The cathode used in the above cell may also comprise a structure where the cerium (or other metal M1) is confined to the cathodic substrate, and the cathodic surface is constituted by a coating of e.g. titanium diboride or another RHM boride compound.
Another embodiment of an electrode according to the present invention is employed in a bipolar configuration. Each bipolar electrode has an anodic part including a cerium oxyfluoride coating on an appropriate anodic substrate and a cathodic part which may for example be entirely formed of cerium hexaboride or may have a substrate of cerium hexaboride coated with titanium diboride or another RHM boride compound, or may be cerium boride coated on another substrate.
The invention is described in the following in detail with reference to one of the above embodiments only, namely the bipolar configuration with an anodic surface constituted by cerium oxyfluoride and a cathodic surface of cerium hexaboride. The following detailed description relates to the manufacture of a bipolar electrode in which the cathodic and anodic sections are considered separately. The operation and maintenance of this electrode is discussed later.

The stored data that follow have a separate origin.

text \<open>Compare \<open>c (2^N)\<close> with each term of the block \<open>[2^K, 2^(K+1))\<close> by telescoping, then average.\<close>
lemma norm_le_dyadic_variation_add_average:
  fixes c :: "nat \<Rightarrow> 'a::real_normed_field"
  assumes NK: "N \<le> K"
  shows "norm (c (2^N)) \<le> (\<Sum>k=N..K. \<Sum>i=2^k..<2^Suc k. norm (c i - c (Suc i)))
          + norm (dyadic_average c K)"
proof -
  define M :: nat where "M = 2 ^ K"
  define V where "V = (\<Sum>k=N..K. \<Sum>i=2^k..<2^Suc k. norm (c i - c (Suc i)))"
  have M0: "M > 0" by (simp add: M_def)
  have NM: "(2::nat) ^ N \<le> M" unfolding M_def using NK by (simp add: power_increasing)
  have split: "c (2^N) = (\<Sum>j<M. c (2^N) - c (M + j)) / of_nat M + dyadic_average c K"
  proof -
    have "(\<Sum>j<M. c (2^N) - c (M + j)) + (\<Sum>j<M. c (M + j)) = of_nat M * c (2^N)"
      by (simp add: sum_subtractf)
    then show ?thesis
      using M0 by (simp add: dyadic_average_def M_def[symmetric] add_divide_distrib[symmetric])
  qed
  have term_le: "norm (c (2^N) - c (M + j)) \<le> V" if "j < M" for j
  proof -
    have "norm (c (2^N) - c (M + j)) \<le> (\<Sum>i=2^N..<M + j. norm (c i - c (Suc i)))"
      using NM by (intro norm_diff_le_sum_norm_diff) simp
    also have "\<dots> \<le> (\<Sum>i=2^N..<2^Suc K. norm (c i - c (Suc i)))"
      using that by (intro sum_mono2) (auto simp: M_def)
    also have "\<dots> = V"
      unfolding V_def atLeastLessThanSuc_atLeastAtMost[symmetric] using NK by (intro sum_dyadic_blocks) simp
    finally show ?thesis .
  qed
  have "norm ((\<Sum>j<M. c (2^N) - c (M + j)) / of_nat M) \<le> (\<Sum>j<M. norm (c (2^N) - c (M + j))) / of_nat M"
    by (simp add: norm_divide divide_right_mono norm_sum)
  also have "\<dots> \<le> (\<Sum>j<M. V) / of_nat M"
    by (intro divide_right_mono sum_mono term_le) auto
  also have "\<dots> = V" using M0 by simp
  finally show ?thesis
    unfolding V_def[symmetric] by (subst split) (rule order_trans[OF norm_triangle_ineq], simp)
qed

In the following part of the description, the electrode comprises a bulk cathodic section i.e. the entire cathodic section including the cathodic surface consists of the same material throughout. This cathodic section consists of a dense structure of cerium hexaboride produced by sintering cerium hexaboride powder into a sheet of rectangular cross section. The production of this sheet may conveniently be carried out by sintering and the resulting sintered sheet attached to the aforementioned intermediate stable layer prior to or during assembly with the anodic section. This intermediate layer may comprise at least one metal such as copper, silver and the noble metals and optionally, an alloy of cerium; this metal being chosen such that its oxide is less stable than cerium oxide. It may further comprise a cerium alloy (e.g. cerium-aluminum) or a cerium compound. As the oxides of these metals are less stable than cerium oxide, no reduction of cerium oxide will occur when an anodic cerium oxide layer comes into contact with the intermediate layer, as described subsequently under the preparation of the anodic section. Further, the intermediate layer must be electrically conductive and thermodynamically stable in contact with the anodic section and the cathodic section i.e. cerium hexaboride.
Alternatively, the bulk cathodic section may be a mixture of cerium hexaboride and a boride of at least one other metal selected from Group IVb (Ti,Zr,Hf), Group Vb (V,Nb,Ta) or VIb (Cr,Mo,W), Mg, Si, Al, La, Y, Mn, Fe, Co, and Ni. Further, the cerium hexaboride or the mixture of cerium hexaboride and the boride of these other metals may comprise microdispersed aluminum which improves the electrical conductivity and mechanical properties of the cathodic section.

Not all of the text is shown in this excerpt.